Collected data

(* Let $\mathcal{D}$ be a distribution over $\mathcal{X}\times\{0,\ldots,c-1\}$, let $h:\mathcal{X}\to\mathcal{Z}$ be a hypothesis and $\ell:\mathcal{Z}\times\{0,\dots,c-1\}\to\mathbb{R}_{\ge0}$ a loss, so that $\ell(h(x),y)=\sum_{r=0}^{c-1}\{y=r\}\,\ell(h(x),r)$, with $\mathbb{E}_r:=\mathbb{E}_x[\ell(h(x),r)]$ finite for all $r$. Let $(x_1,y_1),\ldots,(x_k,y_k)$ be drawn i.i.d. from $\mathcal{D}$, let $\alpha_r=\frac1k\sum_{i=1}^k\{y_i=r\}$ for $r=0,\dots,c-1$, and let $z=((x_1,\ldots,x_k),\boldsymbol\alpha)$ with $\boldsymbol\alpha=(\alpha_0,\ldots,\alpha_{c-1})$. With $p_r=\mathbb{P}(y=r)$, define $$\ell_b(h,z)=\sum_{r=0}^{c-1}(\alpha_r-p_r)\sum_{i=1}^k\big(\ell(h(x_i),r)-\mathbb{E}_r\big)+\sum_{r=0}^{c-1}p_r\,\mathbb{E}_r.$$ Then $$\mathbb{E}_z[\ell_b(h,z)]=\mathbb{E}_{(x,y)\sim\mathcal{D}}[\ell(h(x),y)],\qquad \mathrm{Var}_z(\ell_b(h,z))\le 64\,\mathbb{E}_x\Big[\Big(\max_{r}\ell(h(x),r)\Big)^2\Big].$$
   Context: $\{\cdot\}$ denotes the indicator of the predicate; $x$ is distributed as the $\mathcal{X}$-marginal of $\mathcal{D}$; $\mathcal{Z}$ is an arbitrary output space. *)

theory Defs
  imports "HOL-Probability.Probability"
begin

definition emp_freq :: "nat \<Rightarrow> nat \<Rightarrow> (nat \<Rightarrow> 'x \<times> nat) \<Rightarrow> real" where
  "emp_freq k r \<omega> = (1 / real k) * (\<Sum>i<k. if snd (\<omega> i) = r then 1 else 0)"

(* the loss ell_b(h,z), z = ((x_1..x_k), alpha); p r = P(y=r), E r = E_x[ell(h x, r)] *)
definition ell_b :: "('z \<Rightarrow> nat \<Rightarrow> real) \<Rightarrow> ('x \<Rightarrow> 'z) \<Rightarrow> nat \<Rightarrow> nat
    \<Rightarrow> (nat \<Rightarrow> real) \<Rightarrow> (nat \<Rightarrow> real) \<Rightarrow> (nat \<Rightarrow> 'x \<times> nat) \<Rightarrow> real" where
  "ell_b L h c k p E \<omega> =
     (\<Sum>r<c. (emp_freq k r \<omega> - p r) * (\<Sum>i<k. L (h (fst (\<omega> i))) r - E r))
     + (\<Sum>r<c. p r * E r)"

end

(* Write a_r(q) = [y = r] - p_r and b_r(q) = l(h(x), r) - E_r for q = (x, y); both are centred
   under D. Since alpha_r - p_r is the sample mean of a_r, ell_b(h, z) is the V-statistic
   (1/k) sum_{j,i} f(q_j, q_i) of the kernel f(q, q') = sum_r a_r(q) b_r(q'), shifted by
   sum_r p_r E_r. By independence only the diagonal j = i contributes to its mean, and
   E f(q, q) = sum_r (E [y = r] l(h(x), r) - p_r E_r), which gives the first claim.
   In the second moment, E [f(q_j, q_i) f(q_j', q_i')] vanishes as soon as one of the four
   indices occurs only once, which leaves at most 3 k^2 nonzero terms. With
   M(q) = max_r l(h(x), r) we have sum_r |a_r| <= 2 and |b_r| <= M + E M, so each term is at
   most 16 E M^2, and the variance is at most 48 E M^2. *)

theory Submission
  imports Defs
begin

section \<open>Centred factors in products of independent coordinates\<close>

lemma
  fixes g :: "'a \<Rightarrow> real"
  assumes M: "prob_space M" and m: "m \<in> I" and g: "integrable M g"
  shows integrable_PiM_component: "integrable (PiM I (\<lambda>_. M)) (\<lambda>\<omega>. g (\<omega> m))"
    and integral_PiM_component: "(\<integral>\<omega>. g (\<omega> m) \<partial>PiM I (\<lambda>_. M)) = (\<integral>x. g x \<partial>M)"
proof -
  have proj: "(\<lambda>\<omega>. \<omega> m) \<in> measurable (PiM I (\<lambda>_. M)) M"
    using m by (rule measurable_component_singleton)
  have distr: "distr (PiM I (\<lambda>_. M)) M (\<lambda>\<omega>. \<omega> m) = M"
    using M m by (intro distr_PiM_component)
  have g_meas: "g \<in> borel_measurable M" using g by auto
  show "integrable (PiM I (\<lambda>_. M)) (\<lambda>\<omega>. g (\<omega> m))"
    using integrable_distr_eq[OF proj g_meas] distr g by simp
  show "(\<integral>\<omega>. g (\<omega> m) \<partial>PiM I (\<lambda>_. M)) = (\<integral>x. g x \<partial>M)"
    using integral_distr[OF proj g_meas] distr by simp
qed

lemma integral_PiM_centred_factor:
  fixes g :: "'a \<Rightarrow> real"
  assumes M: "prob_space M" and I: "finite I" "m \<in> I"
    and g: "integrable M g" "(\<integral>x. g x \<partial>M) = 0"
    and G: "\<And>\<omega> y. G (fun_upd \<omega> m y) = G \<omega>"
    and int: "integrable (PiM I (\<lambda>_. M)) (\<lambda>\<omega>. g (\<omega> m) * G \<omega>)"
  shows "(\<integral>\<omega>. g (\<omega> m) * G \<omega> \<partial>PiM I (\<lambda>_. M)) = 0"
proof -
  interpret product_sigma_finite "\<lambda>_. M"
    using M by (auto simp: product_sigma_finite_def intro: prob_space_imp_sigma_finite)
  define J where "J = I - {m}"
  have I_eq: "I = insert m J" and J: "finite J" "m \<notin> J"
    using I by (auto simp: J_def)
  have "(\<integral>\<omega>. g (\<omega> m) * G \<omega> \<partial>PiM I (\<lambda>_. M))
      = (\<integral>\<omega>. (\<integral>y. g y * G \<omega> \<partial>M) \<partial>PiM J (\<lambda>_. M))"
    using product_integral_insert[OF J, of "\<lambda>\<omega>. g (\<omega> m) * G \<omega>"] int
    by (simp add: I_eq G)
  also have "\<dots> = 0" using g by simp
  finally show ?thesis .
qed

definition paired :: "'a \<Rightarrow> 'a \<Rightarrow> 'a \<Rightarrow> 'a \<Rightarrow> bool" where
  "paired j i j' i' \<longleftrightarrow> (j = i \<and> j' = i') \<or> (j = j' \<and> i = i') \<or> (j = i' \<and> i = j')"

lemma unpaired_has_singleton:
  assumes "\<not> paired a b c d"
  shows "a \<notin> {b, c, d} \<or> b \<notin> {a, c, d} \<or> c \<notin> {a, b, d} \<or> d \<notin> {a, b, c}"
  using assms unfolding paired_def by auto

lemma integral_PiM_unpaired_product:
  fixes \<phi>\<^sub>1 \<phi>\<^sub>2 \<phi>\<^sub>3 \<phi>\<^sub>4 :: "'a \<Rightarrow> real"
  assumes M: "prob_space M" and I: "finite I" "j \<in> I" "i \<in> I" "j' \<in> I" "i' \<in> I"
    and unpaired: "\<not> paired j i j' i'"
    and centred: "\<And>\<phi>. \<phi> \<in> {\<phi>\<^sub>1, \<phi>\<^sub>2, \<phi>\<^sub>3, \<phi>\<^sub>4} \<Longrightarrow> integrable M \<phi> \<and> (\<integral>x. \<phi> x \<partial>M) = 0"
    and int: "integrable (PiM I (\<lambda>_. M)) (\<lambda>\<omega>. \<phi>\<^sub>1 (\<omega> j) * \<phi>\<^sub>2 (\<omega> i) * (\<phi>\<^sub>3 (\<omega> j') * \<phi>\<^sub>4 (\<omega> i')))"
  shows "(\<integral>\<omega>. \<phi>\<^sub>1 (\<omega> j) * \<phi>\<^sub>2 (\<omega> i) * (\<phi>\<^sub>3 (\<omega> j') * \<phi>\<^sub>4 (\<omega> i')) \<partial>PiM I (\<lambda>_. M)) = 0"
  using unpaired_has_singleton[OF unpaired]
proof (elim disjE)
  assume "j \<notin> {i, j', i'}"
  then have "(\<integral>\<omega>. \<phi>\<^sub>1 (\<omega> j) * (\<phi>\<^sub>2 (\<omega> i) * \<phi>\<^sub>3 (\<omega> j') * \<phi>\<^sub>4 (\<omega> i')) \<partial>PiM I (\<lambda>_. M)) = 0"
    by (intro integral_PiM_centred_factor[OF M I(1,2)]) (use centred int in \<open>auto simp: ac_simps\<close>)
  then show ?thesis by (simp add: ac_simps)
next
  assume "i \<notin> {j, j', i'}"
  then have "(\<integral>\<omega>. \<phi>\<^sub>2 (\<omega> i) * (\<phi>\<^sub>1 (\<omega> j) * \<phi>\<^sub>3 (\<omega> j') * \<phi>\<^sub>4 (\<omega> i')) \<partial>PiM I (\<lambda>_. M)) = 0"
    by (intro integral_PiM_centred_factor[OF M I(1,3)]) (use centred int in \<open>auto simp: ac_simps\<close>)
  then show ?thesis by (simp add: ac_simps)
next
  assume "j' \<notin> {j, i, i'}"
  then have "(\<integral>\<omega>. \<phi>\<^sub>3 (\<omega> j') * (\<phi>\<^sub>1 (\<omega> j) * \<phi>\<^sub>2 (\<omega> i) * \<phi>\<^sub>4 (\<omega> i')) \<partial>PiM I (\<lambda>_. M)) = 0"
    by (intro integral_PiM_centred_factor[OF M I(1,4)]) (use centred int in \<open>auto simp: ac_simps\<close>)
  then show ?thesis by (simp add: ac_simps)
next
  assume "i' \<notin> {j, i, j'}"
  then have "(\<integral>\<omega>. \<phi>\<^sub>4 (\<omega> i') * (\<phi>\<^sub>1 (\<omega> j) * \<phi>\<^sub>2 (\<omega> i) * \<phi>\<^sub>3 (\<omega> j')) \<partial>PiM I (\<lambda>_. M)) = 0"
    by (intro integral_PiM_centred_factor[OF M I(1,5)]) (use centred int in \<open>auto simp: ac_simps\<close>)
  then show ?thesis by (simp add: ac_simps)
qed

### WHAT YOU HAVE TO DO
Using the records above, repeat exactly the lines from the first one through the line with "(* Write a_r(q)".

### WRITTEN RESPONSE
(* Let $\mathcal{D}$ be a distribution over $\mathcal{X}\times\{0,\ldots,c-1\}$, let $h:\mathcal{X}\to\mathcal{Z}$ be a hypothesis and $\ell:\mathcal{Z}\times\{0,\dots,c-1\}\to\mathbb{R}_{\ge0}$ a loss, so that $\ell(h(x),y)=\sum_{r=0}^{c-1}\{y=r\}\,\ell(h(x),r)$, with $\mathbb{E}_r:=\mathbb{E}_x[\ell(h(x),r)]$ finite for all $r$. Let $(x_1,y_1),\ldots,(x_k,y_k)$ be drawn i.i.d. from $\mathcal{D}$, let $\alpha_r=\frac1k\sum_{i=1}^k\{y_i=r\}$ for $r=0,\dots,c-1$, and let $z=((x_1,\ldots,x_k),\boldsymbol\alpha)$ with $\boldsymbol\alpha=(\alpha_0,\ldots,\alpha_{c-1})$. With $p_r=\mathbb{P}(y=r)$, define $$\ell_b(h,z)=\sum_{r=0}^{c-1}(\alpha_r-p_r)\sum_{i=1}^k\big(\ell(h(x_i),r)-\mathbb{E}_r\big)+\sum_{r=0}^{c-1}p_r\,\mathbb{E}_r.$$ Then $$\mathbb{E}_z[\ell_b(h,z)]=\mathbb{E}_{(x,y)\sim\mathcal{D}}[\ell(h(x),y)],\qquad \mathrm{Var}_z(\ell_b(h,z))\le 64\,\mathbb{E}_x\Big[\Big(\max_{r}\ell(h(x),r)\Big)^2\Big].$$
   Context: $\{\cdot\}$ denotes the indicator of the predicate; $x$ is distributed as the $\mathcal{X}$-marginal of $\mathcal{D}$; $\mathcal{Z}$ is an arbitrary output space. *)

theory Defs
  imports "HOL-Probability.Probability"
begin

definition emp_freq :: "nat \<Rightarrow> nat \<Rightarrow> (nat \<Rightarrow> 'x \<times> nat) \<Rightarrow> real" where
  "emp_freq k r \<omega> = (1 / real k) * (\<Sum>i<k. if snd (\<omega> i) = r then 1 else 0)"

(* the loss ell_b(h,z), z = ((x_1..x_k), alpha); p r = P(y=r), E r = E_x[ell(h x, r)] *)
definition ell_b :: "('z \<Rightarrow> nat \<Rightarrow> real) \<Rightarrow> ('x \<Rightarrow> 'z) \<Rightarrow> nat \<Rightarrow> nat
    \<Rightarrow> (nat \<Rightarrow> real) \<Rightarrow> (nat \<Rightarrow> real) \<Rightarrow> (nat \<Rightarrow> 'x \<times> nat) \<Rightarrow> real" where
  "ell_b L h c k p E \<omega> =
     (\<Sum>r<c. (emp_freq k r \<omega> - p r) * (\<Sum>i<k. L (h (fst (\<omega> i))) r - E r))
     + (\<Sum>r<c. p r * E r)"

end

(* Write a_r(q) = [y = r] - p_r and b_r(q) = l(h(x), r) - E_r for q = (x, y); both are centred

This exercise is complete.